# Action item:
Among the lines below, copy exactly those from the one with "le D \<longleftrightarrow>" through the one with "bool) \<Rightarrow> bool)", counting both ends.

# Given records:
definition compatible :: "'a set \<Rightarrow> ('a \<Rightarrow> 'a \<Rightarrow> bool) \<Rightarrow> 'a \<Rightarrow> 'a \<Rightarrow> bool" where
  "compatible P le p q \<longleftrightarrow> (\<exists>r\<in>P. le r p \<and> le r q)"

definition linked :: "'a set \<Rightarrow> ('a \<Rightarrow> 'a \<Rightarrow> bool) \<Rightarrow> 'a set \<Rightarrow> bool" where
  "linked P le A \<longleftrightarrow> A \<subseteq> P \<and> (\<forall>p\<in>A. \<forall>q\<in>A. compatible P le p q)"

definition centered :: "'a set \<Rightarrow> ('a \<Rightarrow> 'a \<Rightarrow> bool) \<Rightarrow> 'a set \<Rightarrow> bool" where
  "centered P le A \<longleftrightarrow> A \<subseteq> P \<and>
     (\<forall>F. finite F \<and> F \<subseteq> A \<longrightarrow> (\<exists>r\<in>P. \<forall>p\<in>F. le r p))"

definition sigma_linked :: "'a set \<Rightarrow> ('a \<Rightarrow> 'a \<Rightarrow> bool) \<Rightarrow> bool" where
  "sigma_linked P le \<longleftrightarrow> (\<exists>L :: nat \<Rightarrow> 'a set. (\<forall>n. linked P le (L n)) \<and> P = (\<Union>n. L n))"

definition sigma_centered :: "'a set \<Rightarrow> ('a \<Rightarrow> 'a \<Rightarrow> bool) \<Rightarrow> bool" where
  "sigma_centered P le \<longleftrightarrow> (\<exists>L :: nat \<Rightarrow> 'a set. (\<forall>n. centered P le (L n)) \<and> P = (\<Union>n. L n))"

definition omega1 :: "nat set set" where
  "omega1 = Field (cardSuc natLeq)"

definition aleph1_sigma_linked :: "'a set \<Rightarrow> ('a \<Rightarrow> 'a \<Rightarrow> bool) \<Rightarrow> bool" where
  "aleph1_sigma_linked P le \<longleftrightarrow> (\<forall>p :: nat set \<Rightarrow> 'a. p ` omega1 \<subseteq> P \<longrightarrow>
     (\<exists>L :: nat \<Rightarrow> 'a set. (\<forall>n. linked P le (L n)) \<and> p ` omega1 \<subseteq> (\<Union>n. L n)))"

definition aleph1_sigma_centered :: "'a set \<Rightarrow> ('a \<Rightarrow> 'a \<Rightarrow> bool) \<Rightarrow> bool" where
  "aleph1_sigma_centered P le \<longleftrightarrow> (\<forall>p :: nat set \<Rightarrow> 'a. p ` omega1 \<subseteq> P \<longrightarrow>
     (\<exists>L :: nat \<Rightarrow> 'a set. (\<forall>n. centered P le (L n)) \<and> p ` omega1 \<subseteq> (\<Union>n. L n)))"

definition dense :: "'a set \<Rightarrow> ('a \<Rightarrow> 'a \<Rightarrow> bool) \<Rightarrow> 'a set \<Rightarrow> bool" where
  "dense P le D \<longleftrightarrow> D \<subseteq> P \<and> (\<forall>p\<in>P. \<exists>d\<in>D. le d p)"

definition filter_in :: "'a set \<Rightarrow> ('a \<Rightarrow> 'a \<Rightarrow> bool) \<Rightarrow> 'a set \<Rightarrow> bool" where
  "filter_in P le G \<longleftrightarrow> G \<subseteq> P \<and> G \<noteq> {}
     \<and> (\<forall>p\<in>G. \<forall>q\<in>P. le p q \<longrightarrow> q \<in> G)
     \<and> (\<forall>p\<in>G. \<forall>q\<in>G. \<exists>r\<in>G. le r p \<and> le r q)"

text \<open>MA_aleph1(Phi), for posets whose elements live in the type 'a (the type is arbitrary).\<close>
definition MA_aleph1 :: "('a set \<Rightarrow> ('a \<Rightarrow> 'a \<Rightarrow> bool) \<Rightarrow> bool) \<Rightarrow> bool" where
  "MA_aleph1 \<Phi> \<longleftrightarrow> (\<forall>P le. poset P le \<and> \<Phi> P le \<longrightarrow>
     (\<forall>D :: nat set \<Rightarrow> 'a set. (\<forall>\<alpha>\<in>omega1. dense P le (D \<alpha>)) \<longrightarrow>
        (\<exists>G. filter_in P le G \<and> (\<forall>\<alpha>\<in>omega1. G \<inter> D \<alpha> \<noteq> {}))))"

end

theory Submission imports Defs begin

(* Only MA for aleph1-sigma-linked (centered) posets needs proof. Given such a poset P and
   aleph1 dense sets D_alpha, close one condition under Skolem functions choosing an extension
   in each D_alpha and a lower bound for each finite subset that is bounded in P. The closure Q
   has size at most aleph1, each D_alpha is dense in Q, and finite sets bounded in P are bounded
   in Q, so linked (centered) sets of P trace to linked (centered) sets of Q. Enumerating Q in
   order type omega1, the hypothesis covers Q by countably many such traces: Q is sigma-linked
   (centered). MA gives a filter of Q meeting every D_alpha, and its upward closure in P is the
   required filter. *)

unbundle cardinal_syntax

lemma infinite_omega1: "infinite omega1"
  unfolding omega1_def using cardSuc_finite[OF natLeq_Card_order] by (simp add: Field_natLeq)

lemma finite_card_of_ordLeq_infinite:
  assumes "finite A" "infinite B" shows "|A| \<le>o |B|"
  by (meson assms card_of_Well_order card_of_ordLeq_finite ordLeq_total)

lemma card_of_Un_ordLeq_infinite:
  assumes "infinite C" "|A| \<le>o |C|" "|B| \<le>o |C|"
  shows "|A \<union> B| \<le>o |C|"
proof -
  have "A \<union> B = (\<Union>b\<in>UNIV. if b then A else B)" by auto
  moreover have "|UNIV :: bool set| \<le>o |C|"
    using assms(1) by (simp add: finite_card_of_ordLeq_infinite)
  ultimately show ?thesis
    using card_of_UNION_ordLeq_infinite[OF assms(1), of UNIV "\<lambda>b. if b then A else B"] assms(2,3)
    by simp
qed

lemma card_of_lists_ordLeq_infinite:
  assumes B: "infinite B" and A: "|A| \<le>o |B|"
  shows "|lists A| \<le>o |B|"
proof -
  define lists_of_length where "lists_of_length n = {xs \<in> lists A. length xs = n}" for n
  have "|lists_of_length n| \<le>o |B|" for n
  proof (induction n)
    case 0
    have "lists_of_length 0 = {[]}" unfolding lists_of_length_def by auto
    then show ?case using B by (simp add: finite_card_of_ordLeq_infinite)
  next
    case (Suc n)
    have "lists_of_length (Suc n) = (\<Union>a\<in>A. Cons a ` lists_of_length n)"
      unfolding lists_of_length_def by (auto simp: length_Suc_conv image_iff)
    then show ?case
      using card_of_UNION_ordLeq_infinite[OF B A] card_of_image Suc.IH ordLeq_transitive
      by (metis (no_types, lifting))
  qed
  moreover have "lists A = (\<Union>n. lists_of_length n)" unfolding lists_of_length_def by auto
  moreover have "|UNIV :: nat set| \<le>o |B|" using B infinite_iff_card_of_nat by blast
  ultimately show ?thesis using card_of_UNION_ordLeq_infinite[OF B] by metis
qed

lemma card_of_Fpow_ordLeq_infinite:
  assumes "infinite B" "|A| \<le>o |B|"
  shows "|Fpow A| \<le>o |B|"
proof -
  have "Fpow A = set ` lists A"
    unfolding Fpow_def by (auto simp: lists_eq_set image_iff dest: finite_list)
  then show ?thesis
    using card_of_lists_ordLeq_infinite[OF assms] card_of_image ordLeq_transitive by metis
qed

lemma closed_superset_ordLeq_infinite:
  fixes h :: "'a set \<Rightarrow> 'a set" and B :: "'b set"
  assumes B: "infinite B" and S: "|S| \<le>o |B|" and h: "\<And>F. finite F \<Longrightarrow> |h F| \<le>o |B|"
    and S_A: "S \<subseteq> A" and A_closed: "\<And>F. finite F \<Longrightarrow> F \<subseteq> A \<Longrightarrow> h F \<subseteq> A"
  obtains C where "S \<subseteq> C" "C \<subseteq> A" "|C| \<le>o |B|" "\<And>F. finite F \<Longrightarrow> F \<subseteq> C \<Longrightarrow> h F \<subseteq> C"
proof -
  define stage where "stage = rec_nat S (\<lambda>_ T. T \<union> (\<Union>F\<in>Fpow T. h F))"
  have stage_0: "stage 0 = S" unfolding stage_def by simp
  have stage_Suc: "stage (Suc n) = stage n \<union> (\<Union>F\<in>Fpow (stage n). h F)" for n
    unfolding stage_def by simp
  have stage_mono: "m \<le> n \<Longrightarrow> stage m \<subseteq> stage n" for m n
    by (rule lift_Suc_mono_le[of stage]) (auto simp: stage_Suc)
  have stage_small: "|stage n| \<le>o |B|" for n
  proof (induction n)
    case 0
    show ?case using S by (simp add: stage_0)
  next
    case (Suc n)
    have "\<forall>F\<in>Fpow (stage n). |h F| \<le>o |B|" using h by (simp add: Fpow_def)
    then have "|\<Union>F\<in>Fpow (stage n). h F| \<le>o |B|"
      using card_of_UNION_ordLeq_infinite[OF B card_of_Fpow_ordLeq_infinite[OF B Suc.IH]] by blast
    then show ?case using card_of_Un_ordLeq_infinite[OF B Suc.IH] by (simp add: stage_Suc)
  qed
  show thesis
  proof
    show "S \<subseteq> (\<Union>n. stage n)" using stage_0 by blast
    have "stage n \<subseteq> A" for n
    proof (induction n)
      case 0
      show ?case using S_A by (simp add: stage_0)
    next
      case (Suc n)
      then show ?case unfolding stage_Suc Fpow_def using A_closed by blast
    qed
    then show "(\<Union>n. stage n) \<subseteq> A" by blast
    have "|UNIV :: nat set| \<le>o |B|" using B infinite_iff_card_of_nat by blast
    then show "|\<Union>n. stage n| \<le>o |B|"
      using card_of_UNION_ordLeq_infinite[OF B] stage_small by blast
  next
    fix F assume F: "finite F" "F \<subseteq> (\<Union>n. stage n)"
    then obtain n where "F \<subseteq> (\<Union>i<n. stage i)" by (rule finite_countable_subset)
    moreover have "(\<Union>i<n. stage i) \<subseteq> stage n"
      using stage_mono by (meson UN_least lessThan_iff less_imp_le)
    ultimately have "F \<in> Fpow (stage n)" using F(1) by (simp add: Fpow_def)
    then have "h F \<subseteq> stage (Suc n)" unfolding stage_Suc by blast
    then show "h F \<subseteq> (\<Union>n. stage n)" by blast
  qed
qed

definition reflects_lower_bounds :: "'a set \<Rightarrow> ('a \<Rightarrow> 'a \<Rightarrow> bool) \<Rightarrow> 'a set \<Rightarrow> bool" where
  "reflects_lower_bounds P le Q \<longleftrightarrow>
     (\<forall>F. finite F \<and> F \<subseteq> Q \<and> (\<exists>r\<in>P. \<forall>p\<in>F. le r p) \<longrightarrow> (\<exists>r\<in>Q. \<forall>p\<in>F. le r p))"

lemma witness_map_exists:
  assumes D: "\<forall>\<alpha>\<in>omega1. dense P le (D \<alpha>)"
  obtains h where "\<And>F. finite F \<Longrightarrow> |h F| \<le>o |omega1|" "\<And>F. F \<subseteq> P \<Longrightarrow> h F \<subseteq> P"
    "\<And>\<alpha> p F. \<alpha> \<in> omega1 \<Longrightarrow> p \<in> F \<Longrightarrow> F \<subseteq> P \<Longrightarrow> \<exists>d\<in>h F. d \<in> D \<alpha> \<and> le d p"
    "\<And>F. \<exists>r\<in>P. \<forall>p\<in>F. le r p \<Longrightarrow> \<exists>r\<in>h F. \<forall>p\<in>F. le r p"
proof -
  obtain below where below: "\<And>\<alpha> p. \<alpha> \<in> omega1 \<Longrightarrow> p \<in> P \<Longrightarrow> below \<alpha> p \<in> D \<alpha> \<and> le (below \<alpha> p) p"
    using D unfolding dense_def by metis
  define bounded where "bounded F \<longleftrightarrow> (\<exists>r\<in>P. \<forall>p\<in>F. le r p)" for F
  have "\<forall>F. \<exists>r. bounded F \<longrightarrow> r \<in> P \<and> (\<forall>p\<in>F. le r p)" unfolding bounded_def by blast
  then obtain lb where lb: "\<And>F. bounded F \<Longrightarrow> lb F \<in> P \<and> (\<forall>p\<in>F. le (lb F) p)"
    by metis
  define h where "h F = (if bounded F then {lb F} else {}) \<union> (\<Union>\<alpha>\<in>omega1. below \<alpha> ` F)" for F
  have h_small: "|h F| \<le>o |omega1|" if "finite F" for F
  proof -
    have "|\<Union>\<alpha>\<in>omega1. below \<alpha> ` F| \<le>o |omega1|"
      using finite_card_of_ordLeq_infinite[OF finite_imageI[OF that] infinite_omega1]
      by (intro card_of_UNION_ordLeq_infinite[OF infinite_omega1 ordLeq_refl[OF card_of_Card_order]]) blast
    then show ?thesis unfolding h_def
      by (intro card_of_Un_ordLeq_infinite[OF infinite_omega1])
        (simp_all add: finite_card_of_ordLeq_infinite infinite_omega1)
  qed
  have h_P: "h F \<subseteq> P" if "F \<subseteq> P" for F
  proof -
    have "D \<alpha> \<subseteq> P" if "\<alpha> \<in> omega1" for \<alpha> using D that by (simp add: dense_def)
    then have "(\<Union>\<alpha>\<in>omega1. below \<alpha> ` F) \<subseteq> P" using below \<open>F \<subseteq> P\<close> by blast
    then show ?thesis unfolding h_def using lb by simp
  qed
  have h_dense: "\<exists>d\<in>h F. d \<in> D \<alpha> \<and> le d p" if "\<alpha> \<in> omega1" "p \<in> F" "F \<subseteq> P" for \<alpha> p F
    using below[of \<alpha> p] that unfolding h_def by blast
  have h_bound: "\<exists>r\<in>h F. \<forall>p\<in>F. le r p" if "\<exists>r\<in>P. \<forall>p\<in>F. le r p" for F
    using lb[of F] that unfolding h_def bounded_def by simp
  show thesis using h_small h_P h_dense h_bound by (rule that)
qed

lemma small_reflecting_subposet_exists:
  assumes P: "poset P le" and D: "\<forall>\<alpha>\<in>omega1. dense P le (D \<alpha>)"
  obtains Q where "Q \<subseteq> P" "Q \<noteq> {}" "|Q| \<le>o |omega1|"
    "\<forall>\<alpha>\<in>omega1. dense Q le (D \<alpha> \<inter> Q)" "reflects_lower_bounds P le Q"
proof -
  obtain p0 where p0: "p0 \<in> P" using P unfolding poset_def by blast
  have p0_small: "|{p0}| \<le>o |omega1|" by (simp add: finite_card_of_ordLeq_infinite infinite_omega1)
  obtain h where h_small: "\<And>F. finite F \<Longrightarrow> |h F| \<le>o |omega1|" and h_P: "\<And>F. F \<subseteq> P \<Longrightarrow> h F \<subseteq> P"
    and h_dense: "\<And>\<alpha> p F. \<alpha> \<in> omega1 \<Longrightarrow> p \<in> F \<Longrightarrow> F \<subseteq> P \<Longrightarrow> \<exists>d\<in>h F. d \<in> D \<alpha> \<and> le d p"
    and h_bound: "\<And>F. \<exists>r\<in>P. \<forall>p\<in>F. le r p \<Longrightarrow> \<exists>r\<in>h F. \<forall>p\<in>F. le r p"
    using witness_map_exists[OF D] by blast
  obtain Q where p0_Q: "{p0} \<subseteq> Q" and Q_P: "Q \<subseteq> P" and Q_small: "|Q| \<le>o |omega1|"
    and Q_closed: "\<And>F. finite F \<Longrightarrow> F \<subseteq> Q \<Longrightarrow> h F \<subseteq> Q"
    using closed_superset_ordLeq_infinite[where h = h and A = P, OF infinite_omega1 p0_small h_small]
      p0 h_P by blast
  show thesis
  proof
    show "Q \<subseteq> P" "Q \<noteq> {}" "|Q| \<le>o |omega1|" using Q_P p0_Q Q_small by auto
    show "\<forall>\<alpha>\<in>omega1. dense Q le (D \<alpha> \<inter> Q)"
    proof
      fix \<alpha> assume \<alpha>: "\<alpha> \<in> omega1"
      have "\<exists>d\<in>D \<alpha> \<inter> Q. le d p" if "p \<in> Q" for p
        using h_dense[OF \<alpha>, of p "{p}"] Q_closed[of "{p}"] Q_P that by blast
      then show "dense Q le (D \<alpha> \<inter> Q)" unfolding dense_def by blast
    qed
    show "reflects_lower_bounds P le Q"
      unfolding reflects_lower_bounds_def
    proof (intro allI impI)
      fix F assume "finite F \<and> F \<subseteq> Q \<and> (\<exists>r\<in>P. \<forall>p\<in>F. le r p)"
      then show "\<exists>r\<in>Q. \<forall>p\<in>F. le r p" using h_bound[of F] Q_closed[of F] by blast
    qed
  qed
qed
definition clique_family ::
    "nat \<Rightarrow> nat \<Rightarrow> (nat \<Rightarrow> (nat \<Rightarrow> complex) set) \<Rightarrow> nat \<Rightarrow> (nat \<Rightarrow> complex) set" where
  "clique_family q s U t = (if t = 0 then partial_span U s else U (s + t * Suc q))"

text \<open>For \<open>j \<ge> s\<close>, \<open>skip_index q s\<close> enumerates the positions above \<open>s\<close> that are not of
  the form \<open>s + t * Suc q\<close>; for \<open>j < s\<close> it is \<open>Suc j\<close>, by truncated subtraction.\<close>

definition skip_index :: "nat \<Rightarrow> nat \<Rightarrow> nat \<Rightarrow> nat" where
  "skip_index q s j = j + 1 + (j - s) div q"

definition reduced_family ::
    "nat \<Rightarrow> nat \<Rightarrow> (nat \<Rightarrow> (nat \<Rightarrow> complex) set) \<Rightarrow> nat \<Rightarrow> (nat \<Rightarrow> complex) set" where
  "reduced_family q s U j =
     (if j < s then partial_span U j \<inter> U (Suc j) else U (skip_index q s j))"

lemma circ_orth_familyD:
  assumes "circ_orth_family d p q U"
  shows "i < p \<Longrightarrow> cfun.subspace (U i) \<and> U i \<subseteq> coord_space {..<d}"
    and "i < j \<Longrightarrow> j < p \<Longrightarrow> q \<le> j - i \<Longrightarrow> q \<le> p - (j - i) \<Longrightarrow> orth d (U i) (U j)"
  using assms unfolding circ_orth_family_def by blast+
lemma group_free_group_F: "group free_group_F"
proof (rule groupI)
  fix u assume "u \<in> carrier free_group_F"
  then show "\<exists>v \<in> carrier free_group_F. v \<otimes>\<^bsub>free_group_F\<^esub> u = \<one>\<^bsub>free_group_F\<^esub>"
    by (intro bexI[of _ "reduce (rev (map ginv_letter u))"])
       (simp_all add: carrier_free_group_F mult_free_group_F one_free_group_F reduce_reduce_left
          reduce_inverse_append reduced_reduce)
qed (simp_all add: carrier_free_group_F mult_free_group_F one_free_group_F reduced_reduce
       reduce_reduced reduce_reduce_left reduce_reduce_right)

lemma emb_in_carrier: "emb w \<in> carrier free_group_F"
  by (simp add: carrier_free_group_F reduced_def emb_def)

lemma emb_append: "emb (u @ v) = emb u \<otimes>\<^bsub>free_group_F\<^esub> emb v"
  using emb_in_carrier[of "u @ v"]
  by (simp add: mult_free_group_F carrier_free_group_F reduce_reduced emb_def)

fun free_lift :: "('b, 'c) monoid_scheme \<Rightarrow> (letter \<Rightarrow> 'b) \<Rightarrow> gword \<Rightarrow> 'b" where
  "free_lift H f [] = \<one>\<^bsub>H\<^esub>"
| "free_lift H f ((x, s) # w) = (if s then inv\<^bsub>H\<^esub> (f x) else f x) \<otimes>\<^bsub>H\<^esub> free_lift H f w"

context group
begin

context
  fixes f :: "letter \<Rightarrow> 'a"
  assumes f_closed [simp]: "\<And>x. f x \<in> carrier G"
begin

lemma free_lift_closed [simp]: "free_lift G f w \<in> carrier G"
  by (induction w) auto

lemma free_lift_append: "free_lift G f (u @ v) = free_lift G f u \<otimes> free_lift G f v"
  by (induction u) (auto simp: m_assoc)

lemma free_lift_push: "free_lift G f (push l w) = free_lift G f (l # w)"
  by (cases w; cases l) (auto simp: m_assoc[symmetric])

lemma free_lift_reduce: "free_lift G f (reduce w) = free_lift G f w"
proof (induction w)
  case (Cons l w)
  then show ?case
    by (cases l) (simp add: reduce_Cons free_lift_push)
qed simp

lemma free_lift_group_hom: "group_hom free_group_F G (free_lift G f)"
  by (auto simp: group_hom_def group_hom_axioms_def hom_def group_free_group_F is_group
      mult_free_group_F free_lift_reduce free_lift_append)

end

end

# Response to this task:
  "dense P le D \<longleftrightarrow> D \<subseteq> P \<and> (\<forall>p\<in>P. \<exists>d\<in>D. le d p)"

definition filter_in :: "'a set \<Rightarrow> ('a \<Rightarrow> 'a \<Rightarrow> bool) \<Rightarrow> 'a set \<Rightarrow> bool" where
  "filter_in P le G \<longleftrightarrow> G \<subseteq> P \<and> G \<noteq> {}
     \<and> (\<forall>p\<in>G. \<forall>q\<in>P. le p q \<longrightarrow> q \<in> G)
     \<and> (\<forall>p\<in>G. \<forall>q\<in>G. \<exists>r\<in>G. le r p \<and> le r q)"

text \<open>MA_aleph1(Phi), for posets whose elements live in the type 'a (the type is arbitrary).\<close>
definition MA_aleph1 :: "('a set \<Rightarrow> ('a \<Rightarrow> 'a \<Rightarrow> bool) \<Rightarrow> bool) \<Rightarrow> bool" where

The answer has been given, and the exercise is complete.